§ Dataset entries

──────

theorem mainTheorem18:
  fixes n :: nat
  assumes "n \<ge> 3"
  shows "(n = 3 \<longrightarrow> card (Desc1_incl (sym_group n) (carrier (alt_group n))) = 1)
       \<and> (\<forall>k\<ge>1. (n = 4*k \<or> n = 4*k+1) \<longrightarrow> card (Desc1_incl (sym_group n) (carrier (alt_group n))) = k)
       \<and> (\<forall>k\<ge>1. (n = 4*k+2 \<or> n = 4*k+3) \<longrightarrow> card (Desc1_incl (sym_group n) (carrier (alt_group n))) = k+1)"
proof -
  have "card (Desc1_incl (sym_group n) (carrier (alt_group n))) = (n + 2) div 4"
    using assms by (intro card_Desc1_alt_group) simp
  then show ?thesis by auto
qed

end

──────

Among the records above, find each line holding "longrightarrow" and list it.

  shows "(n = 3 \<longrightarrow> card (Desc1_incl (sym_group n) (carrier (alt_group n))) = 1)
       \<and> (\<forall>k\<ge>1. (n = 4*k \<or> n = 4*k+1) \<longrightarrow> card (Desc1_incl (sym_group n) (carrier (alt_group n))) = k)
       \<and> (\<forall>k\<ge>1. (n = 4*k+2 \<or> n = 4*k+3) \<longrightarrow> card (Desc1_incl (sym_group n) (carrier (alt_group n))) = k+1)"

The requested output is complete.